355 500 произведений, 25 200 авторов.

Электронная библиотека книг » авторов Коллектив » Дорогая редакция. Подлинная история «Ленты.ру», рассказанная ее создателями » Текст книги (страница 5)
Дорогая редакция. Подлинная история «Ленты.ру», рассказанная ее создателями
  • Текст добавлен: 29 сентября 2016, 04:44

Текст книги "Дорогая редакция. Подлинная история «Ленты.ру», рассказанная ее создателями"


Автор книги: авторов Коллектив


Соавторы: Иван Колпаков

Жанр:

   

Публицистика


сообщить о нарушении

Текущая страница: 5 (всего у книги 14 страниц) [доступный отрывок для чтения: 6 страниц]

В далекой-далекой галактике
Антон Лысенков

Антон Лысенков – журналист, редактор, сценарист; в 2000–2008 гг. работал в «Ленте. ру» – редактором ночной смены, ведущим рубрики «Масс-медиа» («Интернет и СМИ»), мониторщиком, выпускающим редактором, зарубежным корреспондентом

Интерес к «Ленте. ру» у меня возник на эскалаторе метро «Университет». Рассказав однокашнику, что вот мне предложили подработку в какой-то там «Ленте», я заметил, как у него вдруг расширились зрачки: «Круто.

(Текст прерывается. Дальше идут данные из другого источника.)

lemma odd_near_even:
  fixes c x :: nat
  assumes "even c" "odd x" "c \<le> x + 3" "x \<le> c + 3"
  shows "x \<in> {c - 3, c - 1, c + 1, c + 3}"
proof -
  define d where "d = x + 3 - c"
  have "even d" using assms(1-3) by (simp add: d_def even_diff_nat)
  moreover have "d \<le> 6" using assms(4) by (simp add: d_def)
  ultimately have "d = 0 \<or> d = 2 \<or> d = 4 \<or> d = 6" by presburger
  then show ?thesis using assms(3) by (auto simp: d_def)
qed

lemma odd_windows_in_non_leaders:
  fixes Q x :: nat
  assumes "even Q" "8 \<le> Q" "odd x"
    "x = 4*Q + 1 \<or> (8*Q - 3 \<le> x \<and> x \<le> 8*Q + 3) \<or> (10*Q - 1 \<le> x \<and> x \<le> 10*Q + 1)
      \<or> (12*Q - 1 \<le> x \<and> x \<le> 12*Q + 3)"
  shows "x \<in> non_leaders Q"
  using assms(4)
proof (elim disjE conjE)
  assume "x = 4*Q + 1" then show ?thesis by (simp add: non_leaders_def)
next
  assume "8*Q - 3 \<le> x" "x \<le> 8*Q + 3"
  with assms have "x \<in> {8*Q - 3, 8*Q - 1, 8*Q + 1, 8*Q + 3}" by (intro odd_near_even) auto
  then show ?thesis by (auto simp: non_leaders_def)
next
  assume "10*Q - 1 \<le> x" "x \<le> 10*Q + 1"
  with assms have "x \<in> {10*Q - 3, 10*Q - 1, 10*Q + 1, 10*Q + 3}" by (intro odd_near_even) auto
  with \<open>10*Q - 1 \<le> x\<close> \<open>x \<le> 10*Q + 1\<close> assms(2) show ?thesis
    unfolding non_leaders_def by (elim insertE emptyE; simp; linarith)
next
  assume "12*Q - 1 \<le> x" "x \<le> 12*Q + 3"
  with assms have "x \<in> {12*Q - 3, 12*Q - 1, 12*Q + 1, 12*Q + 3}" by (intro odd_near_even) auto
  with \<open>12*Q - 1 \<le> x\<close> assms(2) show ?thesis
    unfolding non_leaders_def by (elim insertE emptyE; simp; linarith)
qed

lemma coset_leader_on_ranges:
  fixes x k Q :: nat
  assumes Q: "Q = 2^k" and "3 \<le> k" "odd x"
    "(1 \<le> x \<and> x \<le> 4*Q - 1) \<or> (4*Q + 3 \<le> x \<and> x \<le> 8*Q - 5)
      \<or> (8*Q + 5 \<le> x \<and> x \<le> 10*Q - 3) \<or> (10*Q + 3 \<le> x \<and> x \<le> 12*Q - 3)"
  shows "coset_leader (2^(2*k+4)+1) x"
proof -
  have "8 \<le> Q" using pow2_ge_8[OF assms(2)] Q by simp
  have "x mod Q \<noteq> 0"
    using Q assms(2,3) by (auto simp: mod_eq_0_iff_dvd dest: dvd_trans[of 2 Q x])
  then obtain lo u where "(x div Q, lo, u) \<in> leader_blocks" "lo \<le> x mod Q" "x mod Q + u \<le> Q"
    using leader_blocks_cover[OF \<open>8 \<le> Q\<close> _ assms(4)] by blast
  note block = mid_rot_bounds_on_block[OF \<open>8 \<le> Q\<close> this]
  have "x \<le> 13*Q" using assms(4) by linarith
  then show ?thesis
    unfolding coset_leader_iff_mid_rot[OF Q assms(2,3) \<open>x \<le> 13*Q\<close>] using block by simp
qed

lemma not_coset_leader_on_windows:
  fixes x k Q :: nat
  assumes Q: "Q = 2^k" and "3 \<le> k" "odd x"
    "x = 4*Q + 1 \<or> (8*Q - 3 \<le> x \<and> x \<le> 8*Q + 3) \<or> (10*Q - 1 \<le> x \<and> x \<le> 10*Q + 1)
      \<or> (12*Q - 1 \<le> x \<and> x \<le> 12*Q + 3)"
  shows "\<not> coset_leader (2^(2*k+4)+1) x"
proof -
  have "8 \<le> Q" using pow2_ge_8[OF assms(2)] Q by simp
  have "even Q" using Q assms(2) by simp
  obtain e where "e \<le> 3" "mid_rot Q e (x div Q) (x mod Q) < x \<or>
      16*(Q*Q) + 1 < mid_rot Q e (x div Q) (x mod Q) + x"
    using non_leaders_violate_mid_rot[OF \<open>8 \<le> Q\<close> odd_windows_in_non_leaders[OF \<open>even Q\<close> \<open>8 \<le> Q\<close> assms(3,4)]]
    by blast
  moreover have "x \<le> 13*Q" using assms(4) \<open>8 \<le> Q\<close> by linarith
  ultimately show ?thesis
    using coset_leader_iff_mid_rot[OF Q assms(2,3)] by force
qed

theorem theorem4p1:
  fixes t m n x :: nat
  assumes "t \<ge> 2" and "m = 4 * t + 2" and "n = 2 ^ m + 1" and "odd x"
  shows "(1 \<le> x \<and> x \<le> 2 ^ (2*t+1) - 1 \<longrightarrow> coset_leader n x)
    \<and> (2 ^ (2*t+1) + 3 \<le> x \<and> x \<le> 2 ^ (2*t+2) - 5 \<longrightarrow> coset_leader n x)
    \<and> (2 ^ (2*t+2) + 5 \<le> x \<and> x \<le> 2 ^ (2*t+2) + 2 ^ (2*t) - 3 \<longrightarrow> coset_leader n x)
    \<and> (2 ^ (2*t+2) + 2 ^ (2*t) + 3 \<le> x \<and> x \<le> 2 ^ (2*t+2) + 2 ^ (2*t+1) - 3 \<longrightarrow> coset_leader n x)
    \<and> ((x = 2 ^ (2*t+1) + 1
        \<or> (2 ^ (2*t+2) - 3 \<le> x \<and> x \<le> 2 ^ (2*t+2) + 3)
        \<or> (2 ^ (2*t+2) + 2 ^ (2*t) - 1 \<le> x \<and> x \<le> 2 ^ (2*t+2) + 2 ^ (2*t) + 1)
        \<or> (2 ^ (2*t+2) + 2 ^ (2*t+1) - 1 \<le> x \<and> x \<le> 2 ^ (2*t+2) + 2 ^ (2*t+1) + 3))
       \<longrightarrow> \<not> coset_leader n x)"
proof -
  define k Q where "k = 2*t - 1" and "Q = (2::nat)^k"
  have "3 \<le> k" "2*k+4 = m"
    using assms(1,2) by (simp_all add: k_def)
  then have k: "3 \<le> k" "n = 2^(2*k+4) + 1"
    using assms(3) by simp_all
  have "2*t+1 = k+2" "2*t+2 = k+3" "2*t = k+1"
    using assms(1) by (simp_all add: k_def)
  then have "(2::nat)^(2*t+1) = 4*Q" "(2::nat)^(2*t+2) = 8*Q" "(2::nat)^(2*t) = 2*Q"
    by (simp_all add: Q_def power_add)
  then show ?thesis
    using coset_leader_on_ranges[OF Q_def k(1) assms(4)] not_coset_leader_on_windows[OF Q_def k(1) assms(4)]
    unfolding k(2) by auto
qed

end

Обязательно иди». Примерно за полчаса до того я впервые услышал это название от студентки старшего курса, некие знакомые которой искали человека с английским. Будучи студентом филфака, я привык относиться скептически – если не презрительно – к тому, что там вообще могут безграмотно написать в этом Интернете. Однако реакция приятеля заставила меня отнестись к открывавшейся возможности с вниманием. К тому же перспектива получать деньги за писание чего-либо, вместо того чтобы разливать по кружкам пиво и подавать колбаски – я тогда подрабатывал барменом в небольшом кафе недалеко от университета, – сама по себе была лестной. Тем более что работа предлагалась ночная, а значит, была возможность совмещать ее с учебой. Лучшего и желать было нельзя, ведь занятия в университете занимали все мои интересы. Тогда я и предположить не мог, что через какой-то год или полтора я совсем заброшу учебу и уйду в академический отпуск только для того, чтобы строчить безграмотные тексты в Интернет.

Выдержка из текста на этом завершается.